(Collected data entries)
text \<open>
  Let \<open>q < p\<close> be a facet whose open chain contains a face \<open>S\<close> of \<open>p\<close>. Follow \<open>q\<close> until it
  first leaves \<open>p\<close> (after node \<open>s\<close>) and until it first returns to \<open>p\<close> (at node \<open>e \<ge> s + 2\<close>).
  Exchanging this detour between \<open>q\<close> and \<open>p\<close> yields two closed chains whose \<open>a\<close>-degrees add
  up to those of \<open>q\<close> and \<open>p\<close>; the one running along the detour of \<open>q\<close> inherits the
  lexicographic advantage of \<open>q\<close>, so one of the two is still smaller than \<open>p\<close>. If it is the
  chain through the detour of \<open>q\<close>, it meets \<open>p\<close> in exactly the nodes outside the interval
  \<open>{s+1..e-1}\<close>; otherwise the other chain meets \<open>p\<close> wherever \<open>q\<close> does and also at
  node \<open>s+1\<close>, so we recurse.
  Hence every face of \<open>F\<^sub><\<^sub>p \<inter> p\<close> lies in a face \<open>[k-1] - {i..i+j}\<close> of \<open>F\<^sub><\<^sub>p \<inter> p\<close>, and facets
  are of this form.
\<close>

lemma nth_node: "i < n \<Longrightarrow> node n ls j ! i = (\<Sum>l<j. ls ! l ! i)"
  by (simp add: node_def)

lemma length_node [simp]: "length (node n ls j) = n"
  by (simp add: node_def)

lemma node_eq_iff: "node n q j = node n p j' \<longleftrightarrow> (\<forall>i<n. (\<Sum>l<j. q ! l ! i) = (\<Sum>l<j'. p ! l ! i))"
  by (auto simp: node_def)

lemma node_eq_if_prefix_eq: "\<forall>l<s. q ! l = p ! l \<Longrightarrow> node n q s = node n p s"
  by (simp add: node_eq_iff)

lemma sum_list_node:
  assumes "set ls \<subseteq> V n d" "j \<le> length ls"
  shows "sum_list (node n ls j) = j * d"
proof -
  have "sum_list (node n ls j) = (\<Sum>i<n. \<Sum>l<j. ls ! l ! i)"
    by (simp add: node_def sum_list_sum_nth atLeast0LessThan)
  also have "\<dots> = (\<Sum>l<j. \<Sum>i<n. ls ! l ! i)"
    by (rule sum.swap)
  also have "\<dots> = (\<Sum>l<j. d)"
  proof (rule sum.cong)
    fix l assume "l \<in> {..<j}"
    then have "ls ! l \<in> V n d"
      using assms by (auto intro: nth_mem)
    then show "(\<Sum>i<n. ls ! l ! i) = d"
      by (auto simp: V_def sum_list_sum_nth atLeast0LessThan)
  qed simp
  finally show ?thesis by simp
qed

lemma sum_list_closed_chain:
  "closed_chain n d lam p \<Longrightarrow> sum_list lam = length p * d"
  using sum_list_node[of p n d "length p"] by (simp add: closed_chain_def)

lemma closed_chain_length_eq:
  "\<lbrakk>d > 0; closed_chain n d lam p; closed_chain n d lam q\<rbrakk> \<Longrightarrow> length q = length p"
  using sum_list_closed_chain[of n d lam p] sum_list_closed_chain[of n d lam q] by simp

text \<open>A node determines its label, since the coordinates of node \<open>j\<close> sum to \<open>j * d\<close>.\<close>

lemma node_label_eq:
  assumes "d > 0" "set ls \<subseteq> V n d" "set ls' \<subseteq> V n d" "j \<le> length ls" "j' \<le> length ls'"
    and "node n ls j = node n ls' j'"
  shows "j = j'"
  using sum_list_node[OF assms(2,4)] sum_list_node[OF assms(3,5)] assms(1,6) by simp

lemma link_eq_if_nodes_eq:
  assumes "set q \<subseteq> V n d" "set p \<subseteq> V n d" "s < length q" "s < length p"
    and "node n q s = node n p s" "node n q (Suc s) = node n p (Suc s)"
  shows "q ! s = p ! s"
proof (rule nth_equalityI)
  have "length (q ! s) = n" "length (p ! s) = n"
    using assms(1-4) by (auto simp: V_def dest!: nth_mem)
  then show "length (q ! s) = length (p ! s)" by simp
  fix i assume "i < length (q ! s)"
  with \<open>length (q ! s) = n\<close> have "i < n" by simp
  then have "(\<Sum>l<s. q ! l ! i) = (\<Sum>l<s. p ! l ! i)"
    and "(\<Sum>l<Suc s. q ! l ! i) = (\<Sum>l<Suc s. p ! l ! i)"
    using assms(5,6) node_eq_iff by metis+
  then show "q ! s ! i = p ! s ! i" by simp
qed

definition replace_segment :: "nat \<Rightarrow> nat \<Rightarrow> 'a list \<Rightarrow> 'a list \<Rightarrow> 'a list" where
  "replace_segment s e q p = map (\<lambda>l. if s \<le> l \<and> l < e then q ! l else p ! l) [0..<length p]"

lemma length_replace_segment [simp]: "length (replace_segment s e q p) = length p"
  by (simp add: replace_segment_def)

lemma nth_replace_segment:
  "l < length p \<Longrightarrow> replace_segment s e q p ! l = (if s \<le> l \<and> l < e then q ! l else p ! l)"
  by (simp add: replace_segment_def)

lemma set_replace_segment:
  "length q = length p \<Longrightarrow> set (replace_segment s e q p) \<subseteq> set q \<union> set p"
  by (auto simp: replace_segment_def)

lemma sum_lessThan_replace_segment:
  fixes f g :: "nat \<Rightarrow> nat"
  assumes "s \<le> e" "(\<Sum>l<s. f l) = (\<Sum>l<s. g l)" "(\<Sum>l<e. f l) = (\<Sum>l<e. g l)"
  shows "(\<Sum>l<j. if s \<le> l \<and> l < e then f l else g l) =
         (if s \<le> j \<and> j \<le> e then \<Sum>l<j. f l else \<Sum>l<j. g l)"
proof (induction j)
  case (Suc j)
  consider "Suc j < s" | "Suc j = s" | "s \<le> j" "Suc j \<le> e" | "s \<le> j" "j = e" | "e < j"
    by linarith
  then show ?case
    using Suc assms by cases auto
qed simp

lemma node_replace_segment:
  assumes "j \<le> length p" "s \<le> e" "node n q s = node n p s" "node n q e = node n p e"
  shows "node n (replace_segment s e q p) j = (if s \<le> j \<and> j \<le> e then node n q j else node n p j)"
proof (rule nth_equalityI)
  fix i assume "i < length (node n (replace_segment s e q p) j)"
  then have i: "i < n" by simp
  have "node n (replace_segment s e q p) j ! i
      = (\<Sum>l<j. if s \<le> l \<and> l < e then q ! l ! i else p ! l ! i)"
    using assms(1) i by (auto simp: nth_node nth_replace_segment intro!: sum.cong)
  also have "\<dots> = (if s \<le> j \<and> j \<le> e then \<Sum>l<j. q ! l ! i else \<Sum>l<j. p ! l ! i)"
    using assms(3,4) i by (intro sum_lessThan_replace_segment[OF assms(2)]) (metis node_eq_iff)+
  finally show "node n (replace_segment s e q p) j ! i
      = (if s \<le> j \<and> j \<le> e then node n q j else node n p j) ! i"
    using i by (simp add: nth_node)
qed simp

lemma closed_chain_replace_segment:
  assumes "closed_chain n d lam q" "closed_chain n d lam p" "length q = length p"
    and "s \<le> e" "node n q s = node n p s" "node n q e = node n p e"
  shows "closed_chain n d lam (replace_segment s e q p)"
proof -
  have "node n (replace_segment s e q p) (length p) = lam"
    using assms node_replace_segment[OF _ assms(4-6), of "length p"]
    by (auto simp: closed_chain_def)
  moreover have "set q \<union> set p \<subseteq> V n d"
    using assms(1,2) by (simp add: closed_chain_def)
  then have "set (replace_segment s e q p) \<subseteq> V n d"
    using set_replace_segment[OF assms(3)] by blast
  ultimately show ?thesis
    by (simp add: closed_chain_def)
qed

lemma adeg_eq_count: "adeg a xs = (\<Sum>l<length xs. if xs ! l = a then 1 else 0)"
proof -
  have "adeg a xs = card {l\<in>{..<length xs}. xs ! l = a}"
    by (simp add: adeg_def length_filter_conv_card lessThan_def)
  also have "\<dots> = (\<Sum>l<length xs. if xs ! l = a then 1 else 0)"
    by (simp add: sum.If_cases Int_def conj_commute)
  finally show ?thesis .
qed

lemma adeg_replace_segment:
  assumes "length q = length p"
  shows "adeg a (replace_segment s e q p) + adeg a (replace_segment s e p q) = adeg a q + adeg a p"
  using assms by (simp add: adeg_eq_count sum.distrib[symmetric])
    (rule sum.cong, auto simp: nth_replace_segment)

lemma facet_less_irrefl: "\<not> facet_less a p p"
  by (auto simp: facet_less_def links_lex_less_def vlt_def)

lemma facet_less_replace_segment:
  assumes "facet_less a q p" "length q = length p" "s < e"
    and "\<forall>l<s. q ! l = p ! l" "q ! s \<noteq> p ! s"
  shows "facet_less a (replace_segment s e q p) p \<or> facet_less a (replace_segment s e p q) p"
proof -
  let ?q1 = "replace_segment s e q p" and ?q2 = "replace_segment s e p q"
  have lex: "links_lex_less ?q1 p" if q_lex: "links_lex_less q p"
  proof -
    obtain i where i: "i < length q" "\<forall>j<i. q ! j = p ! j" "vlt (q ! i) (p ! i)"
      using q_lex unfolding links_lex_less_def by blast
    have "q ! i \<noteq> p ! i"
      using i(3) by (auto simp: vlt_def)
    then have "i = s"
      using i(2) assms(4,5) by (metis linorder_neqE_nat)
    then show ?thesis
      using i assms(2,3) by (auto simp: links_lex_less_def nth_replace_segment intro!: exI[of _ s])
  qed
  have "adeg a ?q1 + adeg a ?q2 = adeg a q + adeg a p"
    using adeg_replace_segment[OF assms(2)] .
  then show ?thesis
    using assms(1) lex by (auto simp: facet_less_def)
qed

Try it:
Go through the entries and return each line where the word "else" occurs.

Finished task:
  "replace_segment s e q p = map (\<lambda>l. if s \<le> l \<and> l < e then q ! l else p ! l) [0..<length p]"
  "l < length p \<Longrightarrow> replace_segment s e q p ! l = (if s \<le> l \<and> l < e then q ! l else p ! l)"
  shows "(\<Sum>l<j. if s \<le> l \<and> l < e then f l else g l) =
         (if s \<le> j \<and> j \<le> e then \<Sum>l<j. f l else \<Sum>l<j. g l)"
  shows "node n (replace_segment s e q p) j = (if s \<le> j \<and> j \<le> e then node n q j else node n p j)"
      = (\<Sum>l<j. if s \<le> l \<and> l < e then q ! l ! i else p ! l ! i)"
  also have "\<dots> = (if s \<le> j \<and> j \<le> e then \<Sum>l<j. q ! l ! i else \<Sum>l<j. p ! l ! i)"
      = (if s \<le> j \<and> j \<le> e then node n q j else node n p j) ! i"
lemma adeg_eq_count: "adeg a xs = (\<Sum>l<length xs. if xs ! l = a then 1 else 0)"
  also have "\<dots> = (\<Sum>l<length xs. if xs ! l = a then 1 else 0)"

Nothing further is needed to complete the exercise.